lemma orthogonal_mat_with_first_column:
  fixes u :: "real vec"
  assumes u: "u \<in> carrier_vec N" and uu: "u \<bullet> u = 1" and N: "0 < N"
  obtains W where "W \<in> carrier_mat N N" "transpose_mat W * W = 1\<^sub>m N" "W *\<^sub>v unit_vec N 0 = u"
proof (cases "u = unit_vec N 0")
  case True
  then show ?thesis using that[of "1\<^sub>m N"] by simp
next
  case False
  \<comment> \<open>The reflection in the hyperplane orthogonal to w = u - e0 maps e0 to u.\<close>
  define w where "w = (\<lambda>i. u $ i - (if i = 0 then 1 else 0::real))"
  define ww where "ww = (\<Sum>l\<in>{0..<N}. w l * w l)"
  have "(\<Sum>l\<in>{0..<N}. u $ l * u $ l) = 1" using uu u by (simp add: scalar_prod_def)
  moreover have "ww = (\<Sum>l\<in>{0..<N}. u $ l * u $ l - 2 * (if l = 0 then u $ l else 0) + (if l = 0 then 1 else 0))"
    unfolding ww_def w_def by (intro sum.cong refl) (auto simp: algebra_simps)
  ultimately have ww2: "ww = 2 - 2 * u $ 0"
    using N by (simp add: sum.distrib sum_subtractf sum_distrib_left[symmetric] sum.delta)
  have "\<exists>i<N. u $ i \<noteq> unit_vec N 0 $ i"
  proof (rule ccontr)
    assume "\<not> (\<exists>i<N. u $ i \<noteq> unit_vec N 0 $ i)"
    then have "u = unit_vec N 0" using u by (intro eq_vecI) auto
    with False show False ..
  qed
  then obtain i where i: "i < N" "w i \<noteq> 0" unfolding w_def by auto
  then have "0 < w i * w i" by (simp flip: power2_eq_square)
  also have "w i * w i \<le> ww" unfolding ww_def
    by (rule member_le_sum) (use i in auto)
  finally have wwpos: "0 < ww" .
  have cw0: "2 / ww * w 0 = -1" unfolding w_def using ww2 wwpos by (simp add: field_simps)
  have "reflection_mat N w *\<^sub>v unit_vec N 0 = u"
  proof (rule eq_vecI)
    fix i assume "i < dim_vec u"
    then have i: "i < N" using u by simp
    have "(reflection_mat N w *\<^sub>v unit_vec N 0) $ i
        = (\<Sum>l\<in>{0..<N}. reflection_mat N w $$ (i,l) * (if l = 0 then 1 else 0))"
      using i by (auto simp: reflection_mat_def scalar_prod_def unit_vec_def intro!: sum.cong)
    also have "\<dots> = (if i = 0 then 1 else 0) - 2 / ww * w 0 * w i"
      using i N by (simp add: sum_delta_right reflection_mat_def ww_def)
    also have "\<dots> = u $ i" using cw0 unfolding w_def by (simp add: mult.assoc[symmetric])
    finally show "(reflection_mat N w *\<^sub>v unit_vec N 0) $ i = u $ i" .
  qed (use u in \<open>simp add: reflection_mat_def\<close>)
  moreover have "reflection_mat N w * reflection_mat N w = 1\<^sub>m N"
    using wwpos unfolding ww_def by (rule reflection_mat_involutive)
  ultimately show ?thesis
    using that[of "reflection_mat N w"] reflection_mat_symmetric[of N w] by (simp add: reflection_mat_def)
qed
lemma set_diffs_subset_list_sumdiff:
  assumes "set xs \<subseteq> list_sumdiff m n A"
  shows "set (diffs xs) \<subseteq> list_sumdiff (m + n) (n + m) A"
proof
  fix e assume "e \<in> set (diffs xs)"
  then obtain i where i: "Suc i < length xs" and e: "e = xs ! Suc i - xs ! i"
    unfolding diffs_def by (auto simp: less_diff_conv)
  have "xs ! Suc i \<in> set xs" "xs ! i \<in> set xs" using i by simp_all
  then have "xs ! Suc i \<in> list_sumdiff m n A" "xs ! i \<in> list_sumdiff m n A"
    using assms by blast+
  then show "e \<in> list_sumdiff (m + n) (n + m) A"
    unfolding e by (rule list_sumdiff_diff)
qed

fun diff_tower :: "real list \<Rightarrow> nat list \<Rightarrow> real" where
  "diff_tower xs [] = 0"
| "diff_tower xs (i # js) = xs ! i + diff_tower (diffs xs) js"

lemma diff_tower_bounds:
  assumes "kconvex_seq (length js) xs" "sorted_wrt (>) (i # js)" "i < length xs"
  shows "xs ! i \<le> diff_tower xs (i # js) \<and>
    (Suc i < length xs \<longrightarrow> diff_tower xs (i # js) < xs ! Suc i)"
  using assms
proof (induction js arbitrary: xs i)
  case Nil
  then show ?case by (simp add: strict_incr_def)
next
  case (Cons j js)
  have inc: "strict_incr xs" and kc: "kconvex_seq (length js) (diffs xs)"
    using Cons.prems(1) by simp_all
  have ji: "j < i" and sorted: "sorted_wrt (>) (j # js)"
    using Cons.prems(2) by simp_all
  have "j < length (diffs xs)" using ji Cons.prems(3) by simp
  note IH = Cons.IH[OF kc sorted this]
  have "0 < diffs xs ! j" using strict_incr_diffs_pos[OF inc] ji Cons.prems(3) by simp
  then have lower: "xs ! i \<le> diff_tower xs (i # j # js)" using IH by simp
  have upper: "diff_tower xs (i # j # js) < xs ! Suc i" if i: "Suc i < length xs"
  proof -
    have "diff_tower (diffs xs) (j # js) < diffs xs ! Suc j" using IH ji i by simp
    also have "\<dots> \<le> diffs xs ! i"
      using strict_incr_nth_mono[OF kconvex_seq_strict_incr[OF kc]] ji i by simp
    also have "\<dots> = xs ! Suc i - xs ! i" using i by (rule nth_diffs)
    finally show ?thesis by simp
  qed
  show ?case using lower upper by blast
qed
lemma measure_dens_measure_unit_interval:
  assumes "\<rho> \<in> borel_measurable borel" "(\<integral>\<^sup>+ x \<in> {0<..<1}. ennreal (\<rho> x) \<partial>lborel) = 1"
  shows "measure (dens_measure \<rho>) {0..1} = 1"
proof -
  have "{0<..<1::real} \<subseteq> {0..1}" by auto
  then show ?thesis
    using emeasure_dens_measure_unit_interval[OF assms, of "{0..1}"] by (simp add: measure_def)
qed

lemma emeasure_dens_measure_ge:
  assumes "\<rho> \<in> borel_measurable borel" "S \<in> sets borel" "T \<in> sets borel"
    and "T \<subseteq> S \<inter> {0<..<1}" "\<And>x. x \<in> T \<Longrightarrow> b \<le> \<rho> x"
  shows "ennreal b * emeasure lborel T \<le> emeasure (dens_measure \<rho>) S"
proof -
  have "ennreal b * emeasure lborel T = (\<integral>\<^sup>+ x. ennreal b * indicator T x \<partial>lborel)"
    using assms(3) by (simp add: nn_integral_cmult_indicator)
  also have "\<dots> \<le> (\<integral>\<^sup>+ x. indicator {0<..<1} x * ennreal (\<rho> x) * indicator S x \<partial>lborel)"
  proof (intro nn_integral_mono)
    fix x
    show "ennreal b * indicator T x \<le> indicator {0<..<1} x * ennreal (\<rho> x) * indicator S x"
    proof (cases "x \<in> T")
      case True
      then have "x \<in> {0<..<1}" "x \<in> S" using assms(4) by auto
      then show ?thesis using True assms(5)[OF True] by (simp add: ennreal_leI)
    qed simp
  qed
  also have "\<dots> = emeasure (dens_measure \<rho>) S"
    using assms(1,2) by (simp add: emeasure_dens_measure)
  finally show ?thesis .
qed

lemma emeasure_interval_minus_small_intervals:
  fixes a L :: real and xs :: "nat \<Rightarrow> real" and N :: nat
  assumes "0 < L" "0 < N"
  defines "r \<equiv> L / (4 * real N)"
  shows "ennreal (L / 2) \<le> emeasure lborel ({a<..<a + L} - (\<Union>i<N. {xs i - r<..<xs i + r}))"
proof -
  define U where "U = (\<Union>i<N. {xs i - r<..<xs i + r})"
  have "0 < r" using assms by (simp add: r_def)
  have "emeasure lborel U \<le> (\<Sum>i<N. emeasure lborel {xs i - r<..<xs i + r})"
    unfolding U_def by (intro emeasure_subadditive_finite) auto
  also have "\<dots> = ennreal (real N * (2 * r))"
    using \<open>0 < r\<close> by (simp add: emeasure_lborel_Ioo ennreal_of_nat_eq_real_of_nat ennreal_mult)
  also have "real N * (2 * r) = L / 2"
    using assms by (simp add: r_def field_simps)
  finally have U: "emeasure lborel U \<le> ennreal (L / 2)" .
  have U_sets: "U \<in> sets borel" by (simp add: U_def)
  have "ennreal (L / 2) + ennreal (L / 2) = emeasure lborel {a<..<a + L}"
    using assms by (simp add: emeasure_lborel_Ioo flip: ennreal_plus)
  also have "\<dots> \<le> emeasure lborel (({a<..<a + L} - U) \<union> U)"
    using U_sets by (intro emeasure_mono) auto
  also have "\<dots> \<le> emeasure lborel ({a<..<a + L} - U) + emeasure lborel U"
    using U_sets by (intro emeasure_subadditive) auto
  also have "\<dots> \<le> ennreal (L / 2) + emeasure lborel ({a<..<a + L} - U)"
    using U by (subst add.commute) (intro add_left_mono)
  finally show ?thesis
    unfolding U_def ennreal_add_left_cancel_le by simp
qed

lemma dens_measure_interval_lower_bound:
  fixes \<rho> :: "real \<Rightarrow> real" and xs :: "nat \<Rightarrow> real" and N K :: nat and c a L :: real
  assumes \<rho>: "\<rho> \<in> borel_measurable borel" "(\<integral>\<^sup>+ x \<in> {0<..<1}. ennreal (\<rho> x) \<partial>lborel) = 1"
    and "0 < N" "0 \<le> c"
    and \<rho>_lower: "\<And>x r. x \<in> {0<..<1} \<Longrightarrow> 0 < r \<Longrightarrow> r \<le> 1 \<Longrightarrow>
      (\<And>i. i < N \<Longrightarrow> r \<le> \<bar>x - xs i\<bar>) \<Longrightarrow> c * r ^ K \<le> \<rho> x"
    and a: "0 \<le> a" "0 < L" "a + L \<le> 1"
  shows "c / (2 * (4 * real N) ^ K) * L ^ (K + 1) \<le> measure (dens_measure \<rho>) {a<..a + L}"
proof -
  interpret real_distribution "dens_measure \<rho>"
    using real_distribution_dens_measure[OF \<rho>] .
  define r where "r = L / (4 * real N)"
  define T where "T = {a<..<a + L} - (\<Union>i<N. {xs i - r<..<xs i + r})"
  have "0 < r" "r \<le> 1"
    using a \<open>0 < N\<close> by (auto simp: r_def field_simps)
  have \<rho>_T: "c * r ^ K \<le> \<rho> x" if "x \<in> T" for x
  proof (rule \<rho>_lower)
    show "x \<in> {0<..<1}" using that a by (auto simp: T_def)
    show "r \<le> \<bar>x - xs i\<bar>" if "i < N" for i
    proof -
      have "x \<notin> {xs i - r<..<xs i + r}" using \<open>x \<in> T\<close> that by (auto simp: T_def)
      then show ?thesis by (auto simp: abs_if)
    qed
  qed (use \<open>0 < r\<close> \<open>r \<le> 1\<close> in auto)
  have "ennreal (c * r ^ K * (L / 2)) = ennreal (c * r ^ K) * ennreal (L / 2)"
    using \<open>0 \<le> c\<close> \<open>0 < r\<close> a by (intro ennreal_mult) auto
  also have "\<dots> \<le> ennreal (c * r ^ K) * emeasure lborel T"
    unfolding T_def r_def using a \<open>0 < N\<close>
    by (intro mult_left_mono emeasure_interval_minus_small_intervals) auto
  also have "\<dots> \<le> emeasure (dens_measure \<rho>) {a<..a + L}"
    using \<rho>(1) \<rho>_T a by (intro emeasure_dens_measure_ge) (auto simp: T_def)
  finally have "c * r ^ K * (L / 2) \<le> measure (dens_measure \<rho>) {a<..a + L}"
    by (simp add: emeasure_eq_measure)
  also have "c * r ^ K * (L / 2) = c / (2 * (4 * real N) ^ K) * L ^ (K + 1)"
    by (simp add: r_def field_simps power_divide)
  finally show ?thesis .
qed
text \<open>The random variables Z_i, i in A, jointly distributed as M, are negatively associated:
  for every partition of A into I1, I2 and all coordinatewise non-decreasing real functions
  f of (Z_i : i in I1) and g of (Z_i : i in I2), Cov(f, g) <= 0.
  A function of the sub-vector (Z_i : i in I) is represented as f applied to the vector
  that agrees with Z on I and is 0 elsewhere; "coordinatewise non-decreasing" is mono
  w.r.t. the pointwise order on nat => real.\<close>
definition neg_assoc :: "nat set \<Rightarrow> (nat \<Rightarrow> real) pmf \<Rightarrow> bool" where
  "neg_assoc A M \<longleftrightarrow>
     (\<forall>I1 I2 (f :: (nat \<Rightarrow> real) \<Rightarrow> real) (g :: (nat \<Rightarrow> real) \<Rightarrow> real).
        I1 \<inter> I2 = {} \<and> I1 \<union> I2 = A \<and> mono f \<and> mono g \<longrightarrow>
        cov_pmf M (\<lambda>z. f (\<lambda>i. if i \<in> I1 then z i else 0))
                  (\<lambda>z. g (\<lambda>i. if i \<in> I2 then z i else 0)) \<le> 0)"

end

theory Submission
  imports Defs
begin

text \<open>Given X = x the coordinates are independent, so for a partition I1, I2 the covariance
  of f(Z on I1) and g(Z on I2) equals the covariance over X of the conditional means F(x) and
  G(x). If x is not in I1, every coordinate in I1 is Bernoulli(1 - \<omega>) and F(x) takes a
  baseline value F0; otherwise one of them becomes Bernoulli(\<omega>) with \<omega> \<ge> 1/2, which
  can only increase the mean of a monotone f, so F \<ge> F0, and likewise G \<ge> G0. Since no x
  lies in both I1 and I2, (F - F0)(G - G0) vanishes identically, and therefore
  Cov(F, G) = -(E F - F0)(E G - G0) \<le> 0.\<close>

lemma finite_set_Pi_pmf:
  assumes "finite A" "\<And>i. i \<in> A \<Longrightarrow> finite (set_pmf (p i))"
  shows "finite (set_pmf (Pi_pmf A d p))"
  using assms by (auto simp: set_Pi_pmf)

==========

[Task item] In the records above, find every line that contains the word "covariance" and copy it.

[Result for this task]
text \<open>Given X = x the coordinates are independent, so for a partition I1, I2 the covariance
  of f(Z on I1) and g(Z on I2) equals the covariance over X of the conditional means F(x) and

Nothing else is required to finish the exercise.